WHAT YOU WILL DO:
Gather all lines with "flip" from the records.
------------------------------------------------
lemma selected_deviation_0 [simp]: "selected_deviation a V p 0 \<omega> = 0"
  by (simp add: selected_deviation_def)

lemma selected_deviation_Suc:
  "selected_deviation a V p (Suc T) \<omega>
     = selected_deviation a V p T \<omega> + of_bool (a (Suc T) \<omega>) * (of_bool (V (Suc T) \<omega>) - p)"
  by (simp add: selected_deviation_def del: sum_of_bool_mult_eq)

lemma selected_deviation_eq:
  "selected_deviation a V p T \<omega>
     = real (card {i \<in> {1..T}. a i \<omega> \<and> V i \<omega>}) - p * selected_count a T \<omega>"
proof -
  have "selected_deviation a V p T \<omega>
      = (\<Sum>i\<in>{1..T}. of_bool (a i \<omega> \<and> V i \<omega>) - p * of_bool (a i \<omega>))"
    unfolding selected_deviation_def by (intro sum.cong) auto
  also have "\<dots> = real (card ({1..T} \<inter> {i. a i \<omega> \<and> V i \<omega>})) - p * selected_count a T \<omega>"
    by (simp add: sum_subtractf selected_count_def sum_distrib_left del: sum_of_bool_eq)
       (simp add: Int_def)
  finally show ?thesis
    by (simp add: Int_def)
qed

locale finite_filtration = prob_space M
  for M :: "'w measure" and H :: "nat \<Rightarrow> 'w \<Rightarrow> 'h" +
  assumes H_measurable: "H n \<in> M \<rightarrow>\<^sub>M count_space UNIV"
    and finite_H_range: "finite (H n ` space M)"
    and H_Suc_determines_H: "H (Suc n) \<omega> = H (Suc n) \<omega>' \<Longrightarrow> H n \<omega> = H n \<omega>'"
begin

definition determined :: "nat \<Rightarrow> ('w \<Rightarrow> 'b) \<Rightarrow> bool" where
  "determined n G \<longleftrightarrow> (\<forall>\<omega> \<omega>'. H n \<omega> = H n \<omega>' \<longrightarrow> G \<omega> = G \<omega>')"

lemma determined_mono:
  assumes "determined n G" "n \<le> m"
  shows "determined m G"
  using assms(2)
proof (induction m rule: dec_induct)
  case (step k)
  then show ?case
    unfolding determined_def using H_Suc_determines_H by blast
qed (use assms(1) in simp)

lemma determined_const: "determined n (\<lambda>_. c)"
  by (simp add: determined_def)

lemma determined_comp: "determined n f \<Longrightarrow> determined n (\<lambda>\<omega>. h (f \<omega>))"
  unfolding determined_def by metis

lemma determined_comp2:
  "determined n f \<Longrightarrow> determined n g \<Longrightarrow> determined n (\<lambda>\<omega>. h (f \<omega>) (g \<omega>))"
  unfolding determined_def by metis

lemma determined_sum:
  assumes "\<And>i. i \<in> I \<Longrightarrow> determined n (f i)"
  shows "determined n (\<lambda>\<omega>. \<Sum>i\<in>I. f i \<omega>)"
  unfolding determined_def
proof (intro allI impI)
  fix \<omega> \<omega>' assume "H n \<omega> = H n \<omega>'"
  then show "(\<Sum>i\<in>I. f i \<omega>) = (\<Sum>i\<in>I. f i \<omega>')"
    using assms unfolding determined_def by (intro sum.cong refl) blast
qed

lemma determined_factor:
  assumes "determined n G"
  obtains g where "\<And>\<omega>. G \<omega> = g (H n \<omega>)"
  using ex_factor_through[of "H n" G] assms unfolding determined_def by blast

lemma determined_sets:
  assumes "determined n P"
  shows "{\<omega> \<in> space M. P \<omega>} \<in> sets M"
proof -
  obtain g where "\<And>\<omega>. P \<omega> = g (H n \<omega>)"
    using determined_factor[OF assms] by blast
  then have "{\<omega> \<in> space M. P \<omega>} = H n -` {v. g v} \<inter> space M"
    by auto
  then show ?thesis
    using measurable_sets[OF H_measurable, of "{v. g v}"] by simp
qed

lemma determined_integrable:
  fixes G :: "'w \<Rightarrow> real"
  assumes "determined n G"
  shows "integrable M G"
proof -
  obtain g where G: "\<And>\<omega>. G \<omega> = g (H n \<omega>)"
    using determined_factor[OF assms] by blast
  show ?thesis
  proof (rule integrable_const_bound[where B = "\<Sum>v\<in>H n ` space M. \<bar>g v\<bar>"])
    show "AE \<omega> in M. norm (G \<omega>) \<le> (\<Sum>v\<in>H n ` space M. \<bar>g v\<bar>)"
      using finite_H_range by (auto simp: G intro!: member_le_sum)
    show "G \<in> borel_measurable M"
      unfolding G[abs_def] by (rule measurable_compose[OF H_measurable]) simp
  qed
qed

context
  fixes a V :: "nat \<Rightarrow> 'w \<Rightarrow> bool" and p :: real
  assumes p: "0 \<le> p" "p \<le> 1"
    and a_determined: "\<And>i. 1 \<le> i \<Longrightarrow> determined (Suc i) (a i)"
    and V_determined: "\<And>i. 1 \<le> i \<Longrightarrow> determined (Suc i) (V i)"
    \<comment> \<open>given the past, a selected trial succeeds with probability p\<close>
    and V_step: "\<And>n G. 1 \<le> n \<Longrightarrow> determined n G \<Longrightarrow>
      (\<integral>\<omega>. G \<omega> * of_bool (a n \<omega>) * of_bool (V n \<omega>) \<partial>M) = p * (\<integral>\<omega>. G \<omega> * of_bool (a n \<omega>) \<partial>M)"
begin

lemma selected_count_determined: "determined (Suc T) (selected_count a T)"
  unfolding selected_count_def
proof (rule determined_sum)
  fix i assume i: "i \<in> {1..T}"
  show "determined (Suc T) (\<lambda>\<omega>. of_bool (a i \<omega>))"
    by (rule determined_comp, rule determined_mono[OF a_determined]) (use i in auto)
qed

lemma selected_deviation_determined: "determined (Suc T) (selected_deviation a V p T)"
  unfolding selected_deviation_def
proof (rule determined_sum)
  fix i assume i: "i \<in> {1..T}"
  show "determined (Suc T) (\<lambda>\<omega>. of_bool (a i \<omega>) * (of_bool (V i \<omega>) - p))"
    by (rule determined_comp2; rule determined_mono[OF a_determined]
        determined_mono[OF V_determined]) (use i in auto)
qed

lemma exp_selected_deviation_integral_Suc_le:
  "(\<integral>\<omega>. exp (l * selected_deviation a V p (Suc T) \<omega> - l\<^sup>2 / 8 * selected_count a (Suc T) \<omega>) \<partial>M)
     \<le> (\<integral>\<omega>. exp (l * selected_deviation a V p T \<omega> - l\<^sup>2 / 8 * selected_count a T \<omega>) \<partial>M)"
proof -
  define F where "F \<omega> = exp (l * selected_deviation a V p T \<omega> - l\<^sup>2 / 8 * selected_count a T \<omega>)"
    for \<omega>
  define A where "A \<omega> = (of_bool (a (Suc T) \<omega>) :: real)" for \<omega>
  define B where "B \<omega> = (of_bool (V (Suc T) \<omega>) :: real)" for \<omega>
  define c1 where "c1 = exp (l * (1 - p) - l\<^sup>2 / 8)"
  define c0 where "c0 = exp (- l * p - l\<^sup>2 / 8)"
  have F: "determined (Suc T) F"
    unfolding F_def
    by (rule determined_comp2[OF selected_deviation_determined selected_count_determined])
  have A: "determined (Suc (Suc T)) A"
    unfolding A_def by (rule determined_comp[OF a_determined]) simp
  have FA: "determined (Suc (Suc T)) (\<lambda>\<omega>. F \<omega> * A \<omega>)"
    by (rule determined_comp2[OF determined_mono[OF F] A]) simp
  have FAB: "determined (Suc (Suc T)) (\<lambda>\<omega>. F \<omega> * A \<omega> * B \<omega>)"
    unfolding B_def by (rule determined_comp2[OF FA determined_comp[OF V_determined]]) simp
  have F_Suc: "exp (l * selected_deviation a V p (Suc T) \<omega> - l\<^sup>2 / 8 * selected_count a (Suc T) \<omega>)
      = F \<omega> - F \<omega> * A \<omega> + c0 * (F \<omega> * A \<omega>) + (c1 - c0) * (F \<omega> * A \<omega> * B \<omega>)" for \<omega>
  proof -
    have "l * selected_deviation a V p (Suc T) \<omega> - l\<^sup>2 / 8 * selected_count a (Suc T) \<omega>
        = (l * selected_deviation a V p T \<omega> - l\<^sup>2 / 8 * selected_count a T \<omega>)
          + A \<omega> * (l * (B \<omega> - p) - l\<^sup>2 / 8)"
      by (simp add: selected_deviation_Suc selected_count_Suc A_def B_def algebra_simps)
    then have "exp (l * selected_deviation a V p (Suc T) \<omega> - l\<^sup>2 / 8 * selected_count a (Suc T) \<omega>)
        = F \<omega> * exp (A \<omega> * (l * (B \<omega> - p) - l\<^sup>2 / 8))"
      by (simp add: F_def exp_add)
    then show ?thesis
      by (cases "a (Suc T) \<omega>"; cases "V (Suc T) \<omega>")
        (simp_all add: A_def B_def c0_def c1_def algebra_simps)
  qed
  have "p * c1 + (1 - p) * c0 = exp (- l\<^sup>2 / 8) * (p * exp (l * (1 - p)) + (1 - p) * exp (- l * p))"
    by (simp add: c0_def c1_def algebra_simps flip: exp_add)
  also have "\<dots> \<le> exp (- l\<^sup>2 / 8) * exp (l\<^sup>2 / 8)"
    using bernoulli_exp_moment_le[OF p] by simp
  finally have mgf: "p * c1 + (1 - p) * c0 \<le> 1"
    by (simp flip: exp_add)
  have "(\<integral>\<omega>. exp (l * selected_deviation a V p (Suc T) \<omega> - l\<^sup>2 / 8 * selected_count a (Suc T) \<omega>) \<partial>M)
      = (\<integral>\<omega>. F \<omega> \<partial>M) - (\<integral>\<omega>. F \<omega> * A \<omega> \<partial>M) + c0 * (\<integral>\<omega>. F \<omega> * A \<omega> \<partial>M)
        + (c1 - c0) * (\<integral>\<omega>. F \<omega> * A \<omega> * B \<omega> \<partial>M)"
    unfolding F_Suc
    using determined_integrable[OF F] determined_integrable[OF FA] determined_integrable[OF FAB]
    by simp
  also have "(\<integral>\<omega>. F \<omega> * A \<omega> * B \<omega> \<partial>M) = p * (\<integral>\<omega>. F \<omega> * A \<omega> \<partial>M)"
    unfolding A_def B_def by (rule V_step[OF _ F]) simp
  also have "(\<integral>\<omega>. F \<omega> \<partial>M) - (\<integral>\<omega>. F \<omega> * A \<omega> \<partial>M) + c0 * (\<integral>\<omega>. F \<omega> * A \<omega> \<partial>M)
        + (c1 - c0) * (p * (\<integral>\<omega>. F \<omega> * A \<omega> \<partial>M))
      = (\<integral>\<omega>. F \<omega> \<partial>M) - (1 - (p * c1 + (1 - p) * c0)) * (\<integral>\<omega>. F \<omega> * A \<omega> \<partial>M)"
    by (simp add: algebra_simps)
  also have "\<dots> \<le> (\<integral>\<omega>. F \<omega> \<partial>M)"
    using mgf by (simp add: F_def A_def)
  finally show ?thesis
    unfolding F_def .
qed

lemma exp_selected_deviation_integral_le:
  "(\<integral>\<omega>. exp (l * selected_deviation a V p T \<omega> - l\<^sup>2 / 8 * selected_count a T \<omega>) \<partial>M) \<le> 1"
proof (induction T)
  case (Suc T)
  then show ?case
    using exp_selected_deviation_integral_Suc_le[of l T] by linarith
qed simp

lemma selected_deviation_one_sided_measure_le:
  assumes l: "l\<^sup>2 = 16 * \<epsilon>\<^sup>2"
  shows "measure M {\<omega> \<in> space M. selected_count a T \<omega> = real m
            \<and> 4 * \<epsilon>\<^sup>2 * m \<le> l * selected_deviation a V p T \<omega>}
         \<le> exp (- 2 * \<epsilon>\<^sup>2 * m)"
proof -
  define u where "u \<omega> = exp (l * selected_deviation a V p T \<omega> - l\<^sup>2 / 8 * selected_count a T \<omega>)"
    for \<omega>
  have u: "determined (Suc T) u"
    unfolding u_def
    by (rule determined_comp2[OF selected_deviation_determined selected_count_determined])
  have "{\<omega> \<in> space M. selected_count a T \<omega> = real m \<and> 4 * \<epsilon>\<^sup>2 * m \<le> l * selected_deviation a V p T \<omega>}
      \<subseteq> {\<omega> \<in> space M. exp (2 * \<epsilon>\<^sup>2 * m) \<le> u \<omega>}"
    using l by (auto simp: u_def field_simps)
  then have "measure M {\<omega> \<in> space M. selected_count a T \<omega> = real m
              \<and> 4 * \<epsilon>\<^sup>2 * m \<le> l * selected_deviation a V p T \<omega>}
      \<le> measure M {\<omega> \<in> space M. exp (2 * \<epsilon>\<^sup>2 * m) \<le> u \<omega>}"
    by (intro finite_measure_mono determined_sets[of "Suc T"] determined_comp[OF u])
  also have "\<dots> \<le> (\<integral>\<omega>. u \<omega> \<partial>M) / exp (2 * \<epsilon>\<^sup>2 * m)"
    by (rule integral_Markov_inequality_measure[OF determined_integrable[OF u] sets.top])
      (simp_all add: u_def)
  also have "\<dots> \<le> 1 / exp (2 * \<epsilon>\<^sup>2 * m)"
    unfolding u_def by (intro divide_right_mono exp_selected_deviation_integral_le) simp
  also have "\<dots> = exp (- 2 * \<epsilon>\<^sup>2 * m)"
    by (simp add: exp_minus field_simps)
  finally show ?thesis .
qed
------------------------------------------------
EXERCISE ANSWER:
    by (simp add: c0_def c1_def algebra_simps flip: exp_add)
    by (simp flip: exp_add)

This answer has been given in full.